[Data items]
(* Let $(F,+,\cdot)$ be a (left) near-field, $I$ an index set, and $\boldsymbol\sigma=(\sigma_i)_{i\in I}$, $\boldsymbol\rho=(\rho_i)_{i\in I}$ families of multiplicative automorphisms of $F$. Define an equivalence relation $\approx$ on $I$ by $i\approx j$ iff there is $\gamma\in F\setminus\{0\}$ such that $\sigma_i\circ\rho_i\circ\varphi_\gamma\circ(\sigma_j\circ\rho_j)^{-1}$ is a near-field automorphism of $(F,+,\cdot)$. Let $\mathcal T$ be a full set of representatives for $\approx$, for $t\in\mathcal T$ let $I_t$ be the class of $t$, $\boldsymbol\sigma_t=(\sigma_i)_{i\in I_t}$, $\boldsymbol\rho_t=(\rho_i)_{i\in I_t}$, and let $\Psi_t:F^{\boldsymbol\sigma_t,\boldsymbol\rho_t}\to F^{\boldsymbol\sigma,\boldsymbol\rho}$ send $(\alpha_i)_{i\in I_t}$ to $(\beta_i)_{i\in I}$ with $\beta_i=\alpha_i$ for $i\in I_t$ and $\beta_i=0$ otherwise. Then $\{\Psi_t(F^{\boldsymbol\sigma_t,\boldsymbol\rho_t})\}_{t\in\mathcal T}$ is a regular decomposition family for $F^{\boldsymbol\sigma,\boldsymbol\rho}$.
   Context: A (left) near-field is $(F,+,\cdot,0,1)$ where $(F,\cdot,1)$ is a monoid, $(F\setminus\{0\},\cdot)$ is a group, $(F,+,0)$ is an abelian group, and $\alpha(\beta+\gamma)=\alpha\beta+\alpha\gamma$. A multiplicative automorphism is a monoid automorphism of $(F,\cdot)$; a near-field automorphism preserves both $+$ and $\cdot$. For $\tau$ multiplicative, $\alpha+_\tau\beta=\tau^{-1}(\tau(\alpha)+\tau(\beta))$; $\varphi_\gamma(\alpha)=\gamma^{-1}\alpha\gamma$. For families $\boldsymbol\sigma=(\sigma_i)_{i\in J}$, $\boldsymbol\rho=(\rho_i)_{i\in J}$, $F^{\boldsymbol\sigma,\boldsymbol\rho}$ is the set of finitely supported $(\alpha_i)_{i\in J}\in F^J$ with addition $(\alpha_i)+_{\boldsymbol\sigma}(\beta_i)=(\alpha_i+_{\sigma_i}\beta_i)$ and scalar multiplication $\alpha\cdot_{\boldsymbol\rho}(\alpha_i)=(\rho_i(\alpha)\alpha_i)$; it is a near-vector space over $F$. For a near-vector space $V$: the quasi-kernel is $Q(V)=\{u:\forall\alpha,\beta\ \exists\gamma,\ \alpha u+\beta u=\gamma u\}$; a subspace is a nonempty subset closed under addition and scalar multiplication; $u,v\in Q(V)\setminus\{0\}$ are compatible if $u+\lambda v\in Q(V)$ for some $\lambda\in F\setminus\{0\}$; $V$ is regular if any two elements of $Q(V)\setminus\{0\}$ are compatible; a maximal regular subspace is a subspace that is regular (as a near-vector space) and maximal under inclusion among such. A family $\{V_i\}$ of subspaces of $V$ is a regular decomposition family if $V=\bigoplus_i V_i$ (internal direct sum) and each $V_i$ is a maximal regular subspace of $V$. *)

theory Defs
  imports Main
begin

definition near_field :: "('a \<Rightarrow> 'a \<Rightarrow> 'a) \<Rightarrow> ('a \<Rightarrow> 'a \<Rightarrow> 'a) \<Rightarrow> 'a \<Rightarrow> 'a \<Rightarrow> bool" where
  "near_field add mul zero one \<longleftrightarrow>
     (\<forall>a b c. add (add a b) c = add a (add b c)) \<and>
     (\<forall>a b. add a b = add b a) \<and>
     (\<forall>a. add zero a = a) \<and>
     (\<forall>a. \<exists>b. add a b = zero) \<and>
     (\<forall>a b c. mul (mul a b) c = mul a (mul b c)) \<and>
     (\<forall>a. mul one a = a \<and> mul a one = a) \<and>
     one \<noteq> zero \<and>
     (\<forall>a b. a \<noteq> zero \<longrightarrow> b \<noteq> zero \<longrightarrow> mul a b \<noteq> zero) \<and>
     (\<forall>a. a \<noteq> zero \<longrightarrow> (\<exists>b. b \<noteq> zero \<and> mul a b = one \<and> mul b a = one)) \<and>
     (\<forall>a b c. mul a (add b c) = add (mul a b) (mul a c))"

definition mult_aut :: "('a \<Rightarrow> 'a \<Rightarrow> 'a) \<Rightarrow> 'a \<Rightarrow> ('a \<Rightarrow> 'a) \<Rightarrow> bool" where
  "mult_aut mul one \<tau> \<longleftrightarrow> bij \<tau> \<and> (\<forall>a b. \<tau> (mul a b) = mul (\<tau> a) (\<tau> b)) \<and> \<tau> one = one"

definition nf_aut :: "('a \<Rightarrow> 'a \<Rightarrow> 'a) \<Rightarrow> ('a \<Rightarrow> 'a \<Rightarrow> 'a) \<Rightarrow> ('a \<Rightarrow> 'a) \<Rightarrow> bool" where
  "nf_aut add mul \<tau> \<longleftrightarrow> bij \<tau> \<and> (\<forall>a b. \<tau> (add a b) = add (\<tau> a) (\<tau> b))
                                \<and> (\<forall>a b. \<tau> (mul a b) = mul (\<tau> a) (\<tau> b))"

definition nf_inv :: "('a \<Rightarrow> 'a \<Rightarrow> 'a) \<Rightarrow> 'a \<Rightarrow> 'a \<Rightarrow> 'a" where
  "nf_inv mul one g = (SOME d. mul d g = one \<and> mul g d = one)"

definition conj_map :: "('a \<Rightarrow> 'a \<Rightarrow> 'a) \<Rightarrow> 'a \<Rightarrow> 'a \<Rightarrow> 'a \<Rightarrow> 'a" where
  "conj_map mul one g = (\<lambda>a. mul (mul (nf_inv mul one g) a) g)"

DIRECTIONS >> Using the data above, return each line exactly as written.

TASK ANSWER >>
(* Let $(F,+,\cdot)$ be a (left) near-field, $I$ an index set, and $\boldsymbol\sigma=(\sigma_i)_{i\in I}$, $\boldsymbol\rho=(\rho_i)_{i\in I}$ families of multiplicative automorphisms of $F$. Define an equivalence relation $\approx$ on $I$ by $i\approx j$ iff there is $\gamma\in F\setminus\{0\}$ such that $\sigma_i\circ\rho_i\circ\varphi_\gamma\circ(\sigma_j\circ\rho_j)^{-1}$ is a near-field automorphism of $(F,+,\cdot)$. Let $\mathcal T$ be a full set of representatives for $\approx$, for $t\in\mathcal T$ let $I_t$ be the class of $t$, $\boldsymbol\sigma_t=(\sigma_i)_{i\in I_t}$, $\boldsymbol\rho_t=(\rho_i)_{i\in I_t}$, and let $\Psi_t:F^{\boldsymbol\sigma_t,\boldsymbol\rho_t}\to F^{\boldsymbol\sigma,\boldsymbol\rho}$ send $(\alpha_i)_{i\in I_t}$ to $(\beta_i)_{i\in I}$ with $\beta_i=\alpha_i$ for $i\in I_t$ and $\beta_i=0$ otherwise. Then $\{\Psi_t(F^{\boldsymbol\sigma_t,\boldsymbol\rho_t})\}_{t\in\mathcal T}$ is a regular decomposition family for $F^{\boldsymbol\sigma,\boldsymbol\rho}$.
   Context: A (left) near-field is $(F,+,\cdot,0,1)$ where $(F,\cdot,1)$ is a monoid, $(F\setminus\{0\},\cdot)$ is a group, $(F,+,0)$ is an abelian group, and $\alpha(\beta+\gamma)=\alpha\beta+\alpha\gamma$. A multiplicative automorphism is a monoid automorphism of $(F,\cdot)$; a near-field automorphism preserves both $+$ and $\cdot$. For $\tau$ multiplicative, $\alpha+_\tau\beta=\tau^{-1}(\tau(\alpha)+\tau(\beta))$; $\varphi_\gamma(\alpha)=\gamma^{-1}\alpha\gamma$. For families $\boldsymbol\sigma=(\sigma_i)_{i\in J}$, $\boldsymbol\rho=(\rho_i)_{i\in J}$, $F^{\boldsymbol\sigma,\boldsymbol\rho}$ is the set of finitely supported $(\alpha_i)_{i\in J}\in F^J$ with addition $(\alpha_i)+_{\boldsymbol\sigma}(\beta_i)=(\alpha_i+_{\sigma_i}\beta_i)$ and scalar multiplication $\alpha\cdot_{\boldsymbol\rho}(\alpha_i)=(\rho_i(\alpha)\alpha_i)$; it is a near-vector space over $F$. For a near-vector space $V$: the quasi-kernel is $Q(V)=\{u:\forall\alpha,\beta\ \exists\gamma,\ \alpha u+\beta u=\gamma u\}$; a subspace is a nonempty subset closed under addition and scalar multiplication; $u,v\in Q(V)\setminus\{0\}$ are compatible if $u+\lambda v\in Q(V)$ for some $\lambda\in F\setminus\{0\}$; $V$ is regular if any two elements of $Q(V)\setminus\{0\}$ are compatible; a maximal regular subspace is a subspace that is regular (as a near-vector space) and maximal under inclusion among such. A family $\{V_i\}$ of subspaces of $V$ is a regular decomposition family if $V=\bigoplus_i V_i$ (internal direct sum) and each $V_i$ is a maximal regular subspace of $V$. *)

theory Defs
  imports Main
begin

definition near_field :: "('a \<Rightarrow> 'a \<Rightarrow> 'a) \<Rightarrow> ('a \<Rightarrow> 'a \<Rightarrow> 'a) \<Rightarrow> 'a \<Rightarrow> 'a \<Rightarrow> bool" where
  "near_field add mul zero one \<longleftrightarrow>
     (\<forall>a b c. add (add a b) c = add a (add b c)) \<and>
     (\<forall>a b. add a b = add b a) \<and>
     (\<forall>a. add zero a = a) \<and>
     (\<forall>a. \<exists>b. add a b = zero) \<and>
     (\<forall>a b c. mul (mul a b) c = mul a (mul b c)) \<and>
     (\<forall>a. mul one a = a \<and> mul a one = a) \<and>
     one \<noteq> zero \<and>
     (\<forall>a b. a \<noteq> zero \<longrightarrow> b \<noteq> zero \<longrightarrow> mul a b \<noteq> zero) \<and>
     (\<forall>a. a \<noteq> zero \<longrightarrow> (\<exists>b. b \<noteq> zero \<and> mul a b = one \<and> mul b a = one)) \<and>
     (\<forall>a b c. mul a (add b c) = add (mul a b) (mul a c))"

definition mult_aut :: "('a \<Rightarrow> 'a \<Rightarrow> 'a) \<Rightarrow> 'a \<Rightarrow> ('a \<Rightarrow> 'a) \<Rightarrow> bool" where
  "mult_aut mul one \<tau> \<longleftrightarrow> bij \<tau> \<and> (\<forall>a b. \<tau> (mul a b) = mul (\<tau> a) (\<tau> b)) \<and> \<tau> one = one"

definition nf_aut :: "('a \<Rightarrow> 'a \<Rightarrow> 'a) \<Rightarrow> ('a \<Rightarrow> 'a \<Rightarrow> 'a) \<Rightarrow> ('a \<Rightarrow> 'a) \<Rightarrow> bool" where
  "nf_aut add mul \<tau> \<longleftrightarrow> bij \<tau> \<and> (\<forall>a b. \<tau> (add a b) = add (\<tau> a) (\<tau> b))
                                \<and> (\<forall>a b. \<tau> (mul a b) = mul (\<tau> a) (\<tau> b))"

definition nf_inv :: "('a \<Rightarrow> 'a \<Rightarrow> 'a) \<Rightarrow> 'a \<Rightarrow> 'a \<Rightarrow> 'a" where
  "nf_inv mul one g = (SOME d. mul d g = one \<and> mul g d = one)"

definition conj_map :: "('a \<Rightarrow> 'a \<Rightarrow> 'a) \<Rightarrow> 'a \<Rightarrow> 'a \<Rightarrow> 'a \<Rightarrow> 'a" where
  "conj_map mul one g = (\<lambda>a. mul (mul (nf_inv mul one g) a) g)"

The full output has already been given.